== Recorded data ==
━━━

lemma chip_firing_subset_sum:
  fixes y :: "'b \<Rightarrow> 'a::comm_monoid_add" and w :: "'b \<Rightarrow> nat"
  assumes "y r = 0"
    and fire: "\<And>i. i \<in> A - {r} \<Longrightarrow>
      j i \<in> A \<and> k i \<in> A \<and> y i + y i = y (j i) + y (k i) \<and> w (j i) + w (k i) < 2 * w i"
    and "set_mset M \<subseteq> A"
  shows "sum_mset (image_mset y M) \<in> sum y ` Pow (A - {r})"
  using assms(3)
proof (induction "sum_mset (image_mset w M)" arbitrary: M rule: less_induct)
  case less
  show ?case
  proof (cases "\<exists>i \<in> A - {r}. 2 \<le> count M i")
    case True
    then obtain i where i: "i \<in> A - {r}" "2 \<le> count M i" by blast
    define N where "N = M - {#i, i#}"
    have "{#i, i#} \<subseteq># M" using i(2) by (simp add: subseteq_mset_def)
    then have M: "M = N + {#i, i#}" unfolding N_def by (rule subset_mset.diff_add[symmetric])
    define M' where "M' = N + {#j i, k i#}"
    have "sum_mset (image_mset y M) = (y i + y i) + sum_mset (image_mset y N)"
      using M by (simp add: add.assoc)
    also have "\<dots> = (y (j i) + y (k i)) + sum_mset (image_mset y N)"
      using fire[OF i(1)] by simp
    also have "\<dots> = sum_mset (image_mset y M')"
      by (simp add: M'_def add.assoc)
    finally have "sum_mset (image_mset y M) = sum_mset (image_mset y M')" .
    moreover have "set_mset M' \<subseteq> A" using fire[OF i(1)] less.prems M by (auto simp: M'_def)
    moreover have "sum_mset (image_mset w M') < sum_mset (image_mset w M)"
      using fire[OF i(1)] M by (simp add: M'_def)
    ultimately show ?thesis using less.hyps by simp
  next
    case False
    then have at_most_one: "count M i \<le> 1" if "i \<in> A - {r}" for i
      using that by (metis One_nat_def Suc_1 not_less_eq_eq)
    define S where "S = set_mset M - {r}"
    have "count M l = (if l \<in> S then 1 else 0)" if "l \<noteq> r" for l
    proof (cases "l \<in># M")
      case True
      then have "count M l \<le> 1" using at_most_one less.prems that by blast
      moreover have "0 < count M l" using True by simp
      ultimately have "count M l = 1" by linarith
      then show ?thesis using that S_def True by simp
    next
      case False
      then show ?thesis using S_def by (simp add: not_in_iff)
    qed
    then have "filter_mset (\<lambda>l. l \<noteq> r) M = mset_set S"
      unfolding multiset_eq_iff S_def by (simp add: count_mset_set)
    moreover have "sum_mset (image_mset y (filter_mset (\<lambda>l. l = r) M)) = 0"
      using assms(1) by (simp add: sum_mset.neutral)
    moreover have "sum_mset (image_mset y M) = sum_mset (image_mset y (filter_mset (\<lambda>l. l = r) M))
        + sum_mset (image_mset y (filter_mset (\<lambda>l. l \<noteq> r) M))"
      by (subst multiset_partition[of M "\<lambda>l. l = r"]) (simp only: image_mset_union sum_mset.union)
    ultimately have "sum_mset (image_mset y M) = sum y S"
      by (simp add: sum_unfold_sum_mset)
    moreover have "S \<in> Pow (A - {r})" using less.prems S_def by auto
    ultimately show ?thesis by blast
  qed
qed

━━━

== Exercise objective ==
Quote exactly the first line of the entries and every line after it, stopping with the line that contains "using M by (simp add: add.assoc)".

== Task answer ==
lemma chip_firing_subset_sum:
  fixes y :: "'b \<Rightarrow> 'a::comm_monoid_add" and w :: "'b \<Rightarrow> nat"
  assumes "y r = 0"
    and fire: "\<And>i. i \<in> A - {r} \<Longrightarrow>
      j i \<in> A \<and> k i \<in> A \<and> y i + y i = y (j i) + y (k i) \<and> w (j i) + w (k i) < 2 * w i"
    and "set_mset M \<subseteq> A"
  shows "sum_mset (image_mset y M) \<in> sum y ` Pow (A - {r})"
  using assms(3)
proof (induction "sum_mset (image_mset w M)" arbitrary: M rule: less_induct)
  case less
  show ?case
  proof (cases "\<exists>i \<in> A - {r}. 2 \<le> count M i")
    case True
    then obtain i where i: "i \<in> A - {r}" "2 \<le> count M i" by blast
    define N where "N = M - {#i, i#}"
    have "{#i, i#} \<subseteq># M" using i(2) by (simp add: subseteq_mset_def)
    then have M: "M = N + {#i, i#}" unfolding N_def by (rule subset_mset.diff_add[symmetric])
    define M' where "M' = N + {#j i, k i#}"
    have "sum_mset (image_mset y M) = (y i + y i) + sum_mset (image_mset y N)"
      using M by (simp add: add.assoc)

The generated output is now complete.